I’m depressed. It started yesterday. Throughout the day I
had little patience. Got frustrated easily. I was very teary by the end of the
day. Had no energy to do anything. Fell asleep in a messy house, in my gross
exercise clothes. When I woke up this morning I didn’t want to move a muscle. I
wanted to stay right where I was. It was too hard. I had a hard time, still
having a hard time, thinking about today and what I need to do. I need to bring
my daughters to school and pick them up. I should shower at some point.
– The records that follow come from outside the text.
(* Let $d\ge1$. As a multigraded vector space, the square $F_d(\mathfrak B)^2$ of the free bicommutative algebra is isomorphic to $\omega(K[Y_d])\otimes\omega(K[Z_d])$, where $\omega$ denotes the augmentation ideal (polynomials without constant term) and both $y_i$ and $z_i$ are given degree $1$ in the $i$-th grading. As a $GL_d$-module, $F_d(\mathfrak B)^2\cong\bigoplus_{p,q\ge 1}W_d(p)\otimes W_d(q)$.
   Context: $K$ is a field of characteristic $0$. $\mathfrak B$ is the variety of bicommutative algebras (identities $(x_1x_2)x_3=(x_1x_3)x_2$ and $x_1(x_2x_3)=x_2(x_1x_3)$); $F_d(\mathfrak B)$ is its free algebra on $x_1,\dots,x_d$, multigraded by the degrees in each $x_i$. $GL_d$ acts on $F_d(\mathfrak B)$ by extending its natural action on $\mathrm{span}(x_1,\dots,x_d)$ to algebra automorphisms. $K[Y_d]=K[y_1,\dots,y_d]$, $K[Z_d]=K[z_1,\dots,z_d]$ are polynomial rings, with $GL_d$ acting on $\mathrm{span}(y_i)$ and $\mathrm{span}(z_i)$ as on $\mathrm{span}(x_i)$. $W_d(p)$ is the irreducible polynomial $GL_d$-module indexed by the one-row partition $(p)$ (isomorphic to the homogeneous polynomials of degree $p$ in $d$ variables). *)

theory Defs
  imports "HOL-Library.Poly_Mapping"
begin

text \<open>Nonassociative monomials: binary trees whose leaves are generator indices.\<close>
datatype btree = Leaf nat | Node btree btree

fun leaves :: "btree \<Rightarrow> nat set" where
  "leaves (Leaf i) = {i}"
| "leaves (Node a b) = leaves a \<union> leaves b"
(* In the process algebra $\mathcal{G}$ described in the context, let $\mathbb{U}=U_{i_1}U_{i_2}\cdots U_{i_l}$ and $\mathbb{V}=V_{j_1}V_{j_2}\cdots V_{j_r}$ with all $i_s,j_s\in\mathcal{N}$, let $B\in\{\epsilon,Z,G_v\}$, let $\mathbb{P}$ be any sequential composition (possibly empty) of constants from $\{U_k,V_k:k\in\mathcal{N}\}$, and let $\approxeq\;\in\{\simeq,\approx\}$. Then: (1) $I\|B\mathbb{P}\mathbb{U}\approxeq I\|B\mathbb{P}\mathbb{V}$ if and only if $u_{i_1}u_{i_2}\cdots u_{i_l}=v_{j_1}v_{j_2}\cdots v_{j_r}$; (2) $S\|B\mathbb{P}\mathbb{U}\approxeq S\|B\mathbb{P}\mathbb{V}$ if and only if the index sequences coincide: $i_1i_2\cdots i_l=j_1j_2\cdots j_r$.
   Context: Process algebras: a triple $(\mathcal{C},\mathcal{A},\Delta)$ of finitely many constants, actions (including silent $\tau$) and rules $X\stackrel{\ell}{\longrightarrow}P$. Processes: $P::=\epsilon\mid X\mid PP'\mid P\|P'$, sequential composition associative, parallel composition associative and commutative, $\epsilon$ a unit for both. Semantics: rules of $\Delta$; if $P\stackrel{\ell}{\longrightarrow}P'$ then $PQ\stackrel{\ell}{\longrightarrow}P'Q$, $P\|Q\stackrel{\ell}{\longrightarrow}P'\|Q$, $Q\|P\stackrel{\ell}{\longrightarrow}Q\|P'$. $\Longrightarrow$ is the reflexive transitive closure of $\stackrel{\tau}{\longrightarrow}$; $\stackrel{\widehat{\ell}}{\Longrightarrow}$ is $\Longrightarrow\stackrel{\ell}{\longrightarrow}\Longrightarrow$ if $\ell\ne\tau$ and $\Longrightarrow$ if $\ell=\tau$. Weak bisimilarity $\approx$ is the largest relation $\mathcal{B}$ such that whenever $P\mathcal{B}Q$ and $P\stackrel{\ell}{\longrightarrow}P'$ there is $Q'$ with $Q\stackrel{\widehat{\ell}}{\Longrightarrow}Q'$, $P'\mathcal{B}Q'$, and symmetrically. Branching bisimilarity $\simeq$ is the largest relation $\mathcal{B}$ such that whenever $P\mathcal{B}Q$ and $P\stackrel{\ell}{\longrightarrow}P'$, either $Q\Longrightarrow Q''\stackrel{\ell}{\longrightarrow}Q'$ with $P\mathcal{B}Q''$ and $P'\mathcal{B}Q'$, or $\ell=\tau$ and $P'\mathcal{B}Q$; and symmetrically. The algebra $\mathcal{G}$: fix a finite alphabet $\Sigma$ with $|\Sigma|\ge2$ and a Post Correspondence instance $\mathrm{INST}=\{(u_1,v_1),\dots,(u_n,v_n)\}$ with $u_k,v_k\in\Sigma^{+}$; let $\mathcal{N}=\{1,\dots,n\}$. Actions: $\{\lambda_U,\lambda_V,\lambda_D,\lambda_I,\lambda_S,\lambda_Z\}\cup\mathcal{N}\cup\Sigma\cup\{\tau\}$. Constants: $X,Y,Z,I,S,C,C',D,G,G',G_u,G_v,G_v'$, $U_k,V_k$ ($k\in\mathcal{N}$), and $W(\omega,k),W(\omega,0)$ for $k\in\mathcal{N}$ and $\omega$ a (possibly empty) suffix of $u_k$ or of $v_k$; $\mathcal{W}$ is the set of these $W$-constants. Rules (with $k$ ranging over $\mathcal{N}$, $a$ over $\Sigma$, $W$ over $\mathcal{W}$): $X\stackrel{\lambda_U}{\longrightarrow}D\|G_v$, $X\stackrel{\tau}{\longrightarrow}D$, $Y\stackrel{\tau}{\longrightarrow}D$, $D\stackrel{\tau}{\longrightarrow}D\|G_u$, $D\stackrel{\lambda_D}{\longrightarrow}C$; $G_u\stackrel{\tau}{\longrightarrow}G_uU_k$, $G_u\stackrel{\lambda_U}{\longrightarrow}G_vU_k$, $G_u\stackrel{\tau}{\longrightarrow}G_v'$, $G_v'\stackrel{\tau}{\longrightarrow}G_v'V_k$, $G_v'\stackrel{\tau}{\longrightarrow}Z$; $G_v\stackrel{\tau}{\longrightarrow}G_vV_k$, $G_v\stackrel{\tau}{\longrightarrow}\epsilon$, $G_v\stackrel{\lambda_V}{\longrightarrow}Z$, $Z\stackrel{\tau}{\longrightarrow}\epsilon$, $Z\stackrel{\lambda_Z}{\longrightarrow}\epsilon$; $C\stackrel{\lambda_I}{\longrightarrow}I$, $C\stackrel{\lambda_S}{\longrightarrow}S$, $C\stackrel{\tau}{\longrightarrow}C\|G$, $C\stackrel{\tau}{\longrightarrow}C\|G_v$; $G\stackrel{\tau}{\longrightarrow}GU_k$, $G\stackrel{\tau}{\longrightarrow}GV_k$, $G\stackrel{\tau}{\longrightarrow}\epsilon$; $I\stackrel{\lambda_I}{\longrightarrow}C'$, $I\stackrel{k}{\longrightarrow}I$, $S\stackrel{\lambda_S}{\longrightarrow}C'$, $S\stackrel{a}{\longrightarrow}S$, $C'\stackrel{\tau}{\longrightarrow}C'\|G'$, $C'\stackrel{\tau}{\longrightarrow}\epsilon$; $G'\stackrel{\tau}{\longrightarrow}G'U_k$, $G'\stackrel{\tau}{\longrightarrow}G'V_k$, $G'\stackrel{\tau}{\longrightarrow}G'W$, $G'\stackrel{\tau}{\longrightarrow}G_v$, $G'\stackrel{\tau}{\longrightarrow}Z$; $U_k\stackrel{\tau}{\longrightarrow}W(u_k,k)$, $V_k\stackrel{\tau}{\longrightarrow}W(v_k,k)$; $W(a\omega,k)\stackrel{a}{\longrightarrow}W(\omega,k)$, $W(a\omega,0)\stackrel{a}{\longrightarrow}W(\omega,0)$, $W(\omega,k)\stackrel{k}{\longrightarrow}W(\omega,0)$, $W(a\omega,k)\stackrel{\tau}{\longrightarrow}W(\omega,k)$, $W(a\omega,0)\stackrel{\tau}{\longrightarrow}W(\omega,0)$, $W(\omega,k)\stackrel{\tau}{\longrightarrow}W(\omega,0)$, $W(\epsilon,0)\stackrel{\tau}{\longrightarrow}\epsilon$. *)

theory Defs
  imports Main "HOL-Library.Sublist"
begin

datatype 'a act = LamU | LamV | LamD | LamI | LamS | LamZ | Num nat | Sym 'a | Tau

datatype 'a const = CX | CY | CZ | CI | CS | CC | CC' | CD | CG | CG' | CGu | CGv | CGv'
  | CU nat | CV nat | CW "'a list" nat

datatype 'a proc = Eps | Const "'a const" | Seq "'a proc" "'a proc" | Par "'a proc" "'a proc"

inductive scong :: "'a proc \<Rightarrow> 'a proc \<Rightarrow> bool" where
  sc_refl: "scong P P"
| sc_sym: "scong P Q \<Longrightarrow> scong Q P"
| sc_trans: "scong P Q \<Longrightarrow> scong Q R \<Longrightarrow> scong P R"
| sc_seq: "scong P P' \<Longrightarrow> scong Q Q' \<Longrightarrow> scong (Seq P Q) (Seq P' Q')"
| sc_par: "scong P P' \<Longrightarrow> scong Q Q' \<Longrightarrow> scong (Par P Q) (Par P' Q')"
| sc_seq_assoc: "scong (Seq (Seq P Q) R) (Seq P (Seq Q R))"
| sc_par_assoc: "scong (Par (Par P Q) R) (Par P (Par Q R))"
| sc_par_comm: "scong (Par P Q) (Par Q P)"
| sc_seq_unitl: "scong (Seq Eps P) P"
| sc_seq_unitr: "scong (Seq P Eps) P"
| sc_par_unitl: "scong (Par Eps P) P"

definition isW :: "nat \<Rightarrow> (nat \<Rightarrow> 'a list) \<Rightarrow> (nat \<Rightarrow> 'a list) \<Rightarrow> 'a list \<Rightarrow> nat \<Rightarrow> bool" where
  "isW n u v w k \<longleftrightarrow>
     (k \<in> {1..n} \<and> (suffix w (u k) \<or> suffix w (v k))) \<or>
     (k = 0 \<and> (\<exists>k'\<in>{1..n}. suffix w (u k') \<or> suffix w (v k')))"

inductive grule :: "'a set \<Rightarrow> nat \<Rightarrow> (nat \<Rightarrow> 'a list) \<Rightarrow> (nat \<Rightarrow> 'a list) \<Rightarrow>
    'a const \<Rightarrow> 'a act \<Rightarrow> 'a proc \<Rightarrow> bool"
  for \<Sigma> n u v where
  r1: "grule \<Sigma> n u v CX LamU (Par (Const CD) (Const CGv))"
| r2: "grule \<Sigma> n u v CX Tau (Const CD)"
| r3: "grule \<Sigma> n u v CY Tau (Const CD)"
| r4: "grule \<Sigma> n u v CD Tau (Par (Const CD) (Const CGu))"
| r5: "grule \<Sigma> n u v CD LamD (Const CC)"
| r6: "k \<in> {1..n} \<Longrightarrow> grule \<Sigma> n u v CGu Tau (Seq (Const CGu) (Const (CU k)))"
| r7: "k \<in> {1..n} \<Longrightarrow> grule \<Sigma> n u v CGu LamU (Seq (Const CGv) (Const (CU k)))"
| r8: "grule \<Sigma> n u v CGu Tau (Const CGv')"
| r9: "k \<in> {1..n} \<Longrightarrow> grule \<Sigma> n u v CGv' Tau (Seq (Const CGv') (Const (CV k)))"
| r10: "grule \<Sigma> n u v CGv' Tau (Const CZ)"
| r11: "k \<in> {1..n} \<Longrightarrow> grule \<Sigma> n u v CGv Tau (Seq (Const CGv) (Const (CV k)))"
| r12: "grule \<Sigma> n u v CGv Tau Eps"
| r13: "grule \<Sigma> n u v CGv LamV (Const CZ)"
| r14: "grule \<Sigma> n u v CZ Tau Eps"
| r15: "grule \<Sigma> n u v CZ LamZ Eps"
| r16: "grule \<Sigma> n u v CC LamI (Const CI)"
| r17: "grule \<Sigma> n u v CC LamS (Const CS)"
| r18: "grule \<Sigma> n u v CC Tau (Par (Const CC) (Const CG))"
| r19: "grule \<Sigma> n u v CC Tau (Par (Const CC) (Const CGv))"
| r20: "k \<in> {1..n} \<Longrightarrow> grule \<Sigma> n u v CG Tau (Seq (Const CG) (Const (CU k)))"
| r21: "k \<in> {1..n} \<Longrightarrow> grule \<Sigma> n u v CG Tau (Seq (Const CG) (Const (CV k)))"
| r22: "grule \<Sigma> n u v CG Tau Eps"
| r23: "grule \<Sigma> n u v CI LamI (Const CC')"
| r24: "k \<in> {1..n} \<Longrightarrow> grule \<Sigma> n u v CI (Num k) (Const CI)"
| r25: "grule \<Sigma> n u v CS LamS (Const CC')"
| r26: "a \<in> \<Sigma> \<Longrightarrow> grule \<Sigma> n u v CS (Sym a) (Const CS)"
| r27: "grule \<Sigma> n u v CC' Tau (Par (Const CC') (Const CG'))"
| r28: "grule \<Sigma> n u v CC' Tau Eps"
| r29: "k \<in> {1..n} \<Longrightarrow> grule \<Sigma> n u v CG' Tau (Seq (Const CG') (Const (CU k)))"
| r30: "k \<in> {1..n} \<Longrightarrow> grule \<Sigma> n u v CG' Tau (Seq (Const CG') (Const (CV k)))"
| r31: "isW n u v w k \<Longrightarrow> grule \<Sigma> n u v CG' Tau (Seq (Const CG') (Const (CW w k)))"
| r32: "grule \<Sigma> n u v CG' Tau (Const CGv)"
| r33: "grule \<Sigma> n u v CG' Tau (Const CZ)"
| r34: "k \<in> {1..n} \<Longrightarrow> grule \<Sigma> n u v (CU k) Tau (Const (CW (u k) k))"
| r35: "k \<in> {1..n} \<Longrightarrow> grule \<Sigma> n u v (CV k) Tau (Const (CW (v k) k))"
| r36: "isW n u v (a # w) k \<Longrightarrow> a \<in> \<Sigma> \<Longrightarrow> grule \<Sigma> n u v (CW (a # w) k) (Sym a) (Const (CW w k))"
| r37: "k \<in> {1..n} \<Longrightarrow> isW n u v w k \<Longrightarrow> grule \<Sigma> n u v (CW w k) (Num k) (Const (CW w 0))"
| r38: "isW n u v (a # w) k \<Longrightarrow> a \<in> \<Sigma> \<Longrightarrow> grule \<Sigma> n u v (CW (a # w) k) Tau (Const (CW w k))"
| r39: "k \<in> {1..n} \<Longrightarrow> isW n u v w k \<Longrightarrow> grule \<Sigma> n u v (CW w k) Tau (Const (CW w 0))"
| r40: "isW n u v [] 0 \<Longrightarrow> grule \<Sigma> n u v (CW [] 0) Tau Eps"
I’ll
need to make lunch and dinner. I should do some cleaning. Seems tough. I really
should go to the gym, but that seems really hard. However, I’ve been exercising
really well the past week. The guilt I’ll feel from skipping a day might be too
much.
Yes, I’d feel guilty. I have no medium. I either don’t
exercise at all or I exercise too much.
Anyway. This is the first time I’ve actually been depressed
since starting my new medication. Which sucks. I knew it wasn’t going to cure
me completely. That’s not possible. I’m always going to have intense ups and
downs. But medication should make these moods less extreme. I’m hoping this
doesn’t go much further than it is already. To the point where I’m not
completely in reality. I don’t think that’s going to happen. I’m still thinking
very clearly.
So, I’m going back to bed for a half hour. Then I will
hopefully be able to face the day.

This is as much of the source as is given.